> WHAT IS EXPECTED
Please print the whole of the listing that follows exactly.

> GIVEN DATA
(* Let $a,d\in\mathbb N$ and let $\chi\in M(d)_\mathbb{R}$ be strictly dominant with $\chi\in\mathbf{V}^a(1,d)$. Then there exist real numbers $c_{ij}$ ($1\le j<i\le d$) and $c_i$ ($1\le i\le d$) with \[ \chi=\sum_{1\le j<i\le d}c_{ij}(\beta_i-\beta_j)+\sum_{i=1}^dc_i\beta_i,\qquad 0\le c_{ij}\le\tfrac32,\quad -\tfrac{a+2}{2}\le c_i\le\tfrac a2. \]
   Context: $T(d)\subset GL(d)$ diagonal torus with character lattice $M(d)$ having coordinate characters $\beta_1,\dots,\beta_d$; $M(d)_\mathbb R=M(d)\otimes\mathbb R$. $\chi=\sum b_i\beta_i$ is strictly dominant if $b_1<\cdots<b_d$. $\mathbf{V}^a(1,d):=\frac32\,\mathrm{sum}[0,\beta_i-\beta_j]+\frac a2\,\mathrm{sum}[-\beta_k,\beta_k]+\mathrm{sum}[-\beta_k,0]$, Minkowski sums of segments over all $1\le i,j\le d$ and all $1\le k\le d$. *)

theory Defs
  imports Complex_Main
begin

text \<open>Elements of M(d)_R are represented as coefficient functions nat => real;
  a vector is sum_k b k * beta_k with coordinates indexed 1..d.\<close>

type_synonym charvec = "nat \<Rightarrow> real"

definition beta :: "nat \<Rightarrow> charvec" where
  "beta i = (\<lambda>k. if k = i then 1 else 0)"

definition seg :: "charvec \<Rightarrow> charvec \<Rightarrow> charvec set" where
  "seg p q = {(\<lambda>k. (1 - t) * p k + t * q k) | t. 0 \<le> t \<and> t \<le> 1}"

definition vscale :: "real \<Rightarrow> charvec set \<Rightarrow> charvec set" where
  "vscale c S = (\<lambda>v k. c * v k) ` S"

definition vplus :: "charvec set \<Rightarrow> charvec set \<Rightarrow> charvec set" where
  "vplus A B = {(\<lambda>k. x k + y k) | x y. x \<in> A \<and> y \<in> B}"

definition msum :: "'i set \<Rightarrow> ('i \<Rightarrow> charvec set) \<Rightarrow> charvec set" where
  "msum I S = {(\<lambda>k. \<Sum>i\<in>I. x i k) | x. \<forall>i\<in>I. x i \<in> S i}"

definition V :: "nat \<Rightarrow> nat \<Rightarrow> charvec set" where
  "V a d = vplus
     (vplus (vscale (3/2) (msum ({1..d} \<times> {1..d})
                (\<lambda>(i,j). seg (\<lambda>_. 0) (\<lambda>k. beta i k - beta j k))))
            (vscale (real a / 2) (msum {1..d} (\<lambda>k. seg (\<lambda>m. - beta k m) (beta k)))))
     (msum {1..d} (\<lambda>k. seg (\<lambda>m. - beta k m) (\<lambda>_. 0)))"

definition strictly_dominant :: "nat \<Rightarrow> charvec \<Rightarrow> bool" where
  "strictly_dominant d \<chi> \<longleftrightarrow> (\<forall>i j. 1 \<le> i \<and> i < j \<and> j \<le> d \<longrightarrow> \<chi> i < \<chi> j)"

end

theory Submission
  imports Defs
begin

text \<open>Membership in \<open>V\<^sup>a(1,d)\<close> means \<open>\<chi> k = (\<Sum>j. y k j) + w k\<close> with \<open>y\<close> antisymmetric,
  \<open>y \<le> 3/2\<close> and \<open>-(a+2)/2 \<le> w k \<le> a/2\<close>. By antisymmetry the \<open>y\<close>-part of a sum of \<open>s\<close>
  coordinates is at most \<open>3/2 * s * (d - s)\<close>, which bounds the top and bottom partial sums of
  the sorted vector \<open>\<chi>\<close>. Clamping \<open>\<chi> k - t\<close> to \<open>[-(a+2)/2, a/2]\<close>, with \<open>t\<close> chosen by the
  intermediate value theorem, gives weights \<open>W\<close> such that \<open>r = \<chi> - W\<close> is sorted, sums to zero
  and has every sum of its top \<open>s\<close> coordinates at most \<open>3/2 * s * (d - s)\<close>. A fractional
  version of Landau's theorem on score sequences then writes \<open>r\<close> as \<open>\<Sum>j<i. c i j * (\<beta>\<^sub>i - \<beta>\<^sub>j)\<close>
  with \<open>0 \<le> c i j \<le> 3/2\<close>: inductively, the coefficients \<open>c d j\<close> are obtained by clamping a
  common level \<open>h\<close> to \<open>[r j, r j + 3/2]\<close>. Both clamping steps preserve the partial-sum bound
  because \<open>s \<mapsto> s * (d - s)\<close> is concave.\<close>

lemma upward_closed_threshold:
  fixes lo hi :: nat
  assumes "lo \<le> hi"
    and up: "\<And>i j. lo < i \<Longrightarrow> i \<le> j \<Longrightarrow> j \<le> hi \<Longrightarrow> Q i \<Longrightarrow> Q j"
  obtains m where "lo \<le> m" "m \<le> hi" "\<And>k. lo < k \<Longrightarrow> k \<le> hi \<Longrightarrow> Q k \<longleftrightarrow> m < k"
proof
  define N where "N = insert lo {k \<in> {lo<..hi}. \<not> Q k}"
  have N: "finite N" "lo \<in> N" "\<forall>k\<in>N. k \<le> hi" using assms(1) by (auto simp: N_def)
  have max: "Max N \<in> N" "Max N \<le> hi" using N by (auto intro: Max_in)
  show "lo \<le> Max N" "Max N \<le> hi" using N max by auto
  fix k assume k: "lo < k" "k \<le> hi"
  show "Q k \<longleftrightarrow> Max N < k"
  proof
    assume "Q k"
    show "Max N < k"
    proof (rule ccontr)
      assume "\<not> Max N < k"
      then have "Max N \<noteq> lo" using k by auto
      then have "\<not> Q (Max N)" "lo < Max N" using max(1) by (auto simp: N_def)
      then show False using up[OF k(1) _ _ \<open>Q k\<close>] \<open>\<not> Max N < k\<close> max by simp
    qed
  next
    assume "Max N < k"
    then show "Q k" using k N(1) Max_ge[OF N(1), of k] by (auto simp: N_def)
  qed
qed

> RESPONSE TO THE TASK
(* Let $a,d\in\mathbb N$ and let $\chi\in M(d)_\mathbb{R}$ be strictly dominant with $\chi\in\mathbf{V}^a(1,d)$. Then there exist real numbers $c_{ij}$ ($1\le j<i\le d$) and $c_i$ ($1\le i\le d$) with \[ \chi=\sum_{1\le j<i\le d}c_{ij}(\beta_i-\beta_j)+\sum_{i=1}^dc_i\beta_i,\qquad 0\le c_{ij}\le\tfrac32,\quad -\tfrac{a+2}{2}\le c_i\le\tfrac a2. \]
   Context: $T(d)\subset GL(d)$ diagonal torus with character lattice $M(d)$ having coordinate characters $\beta_1,\dots,\beta_d$; $M(d)_\mathbb R=M(d)\otimes\mathbb R$. $\chi=\sum b_i\beta_i$ is strictly dominant if $b_1<\cdots<b_d$. $\mathbf{V}^a(1,d):=\frac32\,\mathrm{sum}[0,\beta_i-\beta_j]+\frac a2\,\mathrm{sum}[-\beta_k,\beta_k]+\mathrm{sum}[-\beta_k,0]$, Minkowski sums of segments over all $1\le i,j\le d$ and all $1\le k\le d$. *)

theory Defs
  imports Complex_Main
begin

text \<open>Elements of M(d)_R are represented as coefficient functions nat => real;
  a vector is sum_k b k * beta_k with coordinates indexed 1..d.\<close>

type_synonym charvec = "nat \<Rightarrow> real"

definition beta :: "nat \<Rightarrow> charvec" where
  "beta i = (\<lambda>k. if k = i then 1 else 0)"

definition seg :: "charvec \<Rightarrow> charvec \<Rightarrow> charvec set" where
  "seg p q = {(\<lambda>k. (1 - t) * p k + t * q k) | t. 0 \<le> t \<and> t \<le> 1}"

definition vscale :: "real \<Rightarrow> charvec set \<Rightarrow> charvec set" where
  "vscale c S = (\<lambda>v k. c * v k) ` S"

definition vplus :: "charvec set \<Rightarrow> charvec set \<Rightarrow> charvec set" where
  "vplus A B = {(\<lambda>k. x k + y k) | x y. x \<in> A \<and> y \<in> B}"

definition msum :: "'i set \<Rightarrow> ('i \<Rightarrow> charvec set) \<Rightarrow> charvec set" where
  "msum I S = {(\<lambda>k. \<Sum>i\<in>I. x i k) | x. \<forall>i\<in>I. x i \<in> S i}"

definition V :: "nat \<Rightarrow> nat \<Rightarrow> charvec set" where
  "V a d = vplus
     (vplus (vscale (3/2) (msum ({1..d} \<times> {1..d})
                (\<lambda>(i,j). seg (\<lambda>_. 0) (\<lambda>k. beta i k - beta j k))))
            (vscale (real a / 2) (msum {1..d} (\<lambda>k. seg (\<lambda>m. - beta k m) (beta k)))))
     (msum {1..d} (\<lambda>k. seg (\<lambda>m. - beta k m) (\<lambda>_. 0)))"

definition strictly_dominant :: "nat \<Rightarrow> charvec \<Rightarrow> bool" where
  "strictly_dominant d \<chi> \<longleftrightarrow> (\<forall>i j. 1 \<le> i \<and> i < j \<and> j \<le> d \<longrightarrow> \<chi> i < \<chi> j)"

end

theory Submission
  imports Defs
begin

text \<open>Membership in \<open>V\<^sup>a(1,d)\<close> means \<open>\<chi> k = (\<Sum>j. y k j) + w k\<close> with \<open>y\<close> antisymmetric,
  \<open>y \<le> 3/2\<close> and \<open>-(a+2)/2 \<le> w k \<le> a/2\<close>. By antisymmetry the \<open>y\<close>-part of a sum of \<open>s\<close>
  coordinates is at most \<open>3/2 * s * (d - s)\<close>, which bounds the top and bottom partial sums of
  the sorted vector \<open>\<chi>\<close>. Clamping \<open>\<chi> k - t\<close> to \<open>[-(a+2)/2, a/2]\<close>, with \<open>t\<close> chosen by the
  intermediate value theorem, gives weights \<open>W\<close> such that \<open>r = \<chi> - W\<close> is sorted, sums to zero
  and has every sum of its top \<open>s\<close> coordinates at most \<open>3/2 * s * (d - s)\<close>. A fractional
  version of Landau's theorem on score sequences then writes \<open>r\<close> as \<open>\<Sum>j<i. c i j * (\<beta>\<^sub>i - \<beta>\<^sub>j)\<close>
  with \<open>0 \<le> c i j \<le> 3/2\<close>: inductively, the coefficients \<open>c d j\<close> are obtained by clamping a
  common level \<open>h\<close> to \<open>[r j, r j + 3/2]\<close>. Both clamping steps preserve the partial-sum bound
  because \<open>s \<mapsto> s * (d - s)\<close> is concave.\<close>

lemma upward_closed_threshold:
  fixes lo hi :: nat
  assumes "lo \<le> hi"
    and up: "\<And>i j. lo < i \<Longrightarrow> i \<le> j \<Longrightarrow> j \<le> hi \<Longrightarrow> Q i \<Longrightarrow> Q j"
  obtains m where "lo \<le> m" "m \<le> hi" "\<And>k. lo < k \<Longrightarrow> k \<le> hi \<Longrightarrow> Q k \<longleftrightarrow> m < k"
proof
  define N where "N = insert lo {k \<in> {lo<..hi}. \<not> Q k}"
  have N: "finite N" "lo \<in> N" "\<forall>k\<in>N. k \<le> hi" using assms(1) by (auto simp: N_def)
  have max: "Max N \<in> N" "Max N \<le> hi" using N by (auto intro: Max_in)
  show "lo \<le> Max N" "Max N \<le> hi" using N max by auto
  fix k assume k: "lo < k" "k \<le> hi"
  show "Q k \<longleftrightarrow> Max N < k"
  proof
    assume "Q k"
    show "Max N < k"
    proof (rule ccontr)
      assume "\<not> Max N < k"
      then have "Max N \<noteq> lo" using k by auto
      then have "\<not> Q (Max N)" "lo < Max N" using max(1) by (auto simp: N_def)
      then show False using up[OF k(1) _ _ \<open>Q k\<close>] \<open>\<not> Max N < k\<close> max by simp
    qed
  next
    assume "Max N < k"
    then show "Q k" using k N(1) Max_ge[OF N(1), of k] by (auto simp: N_def)
  qed
qed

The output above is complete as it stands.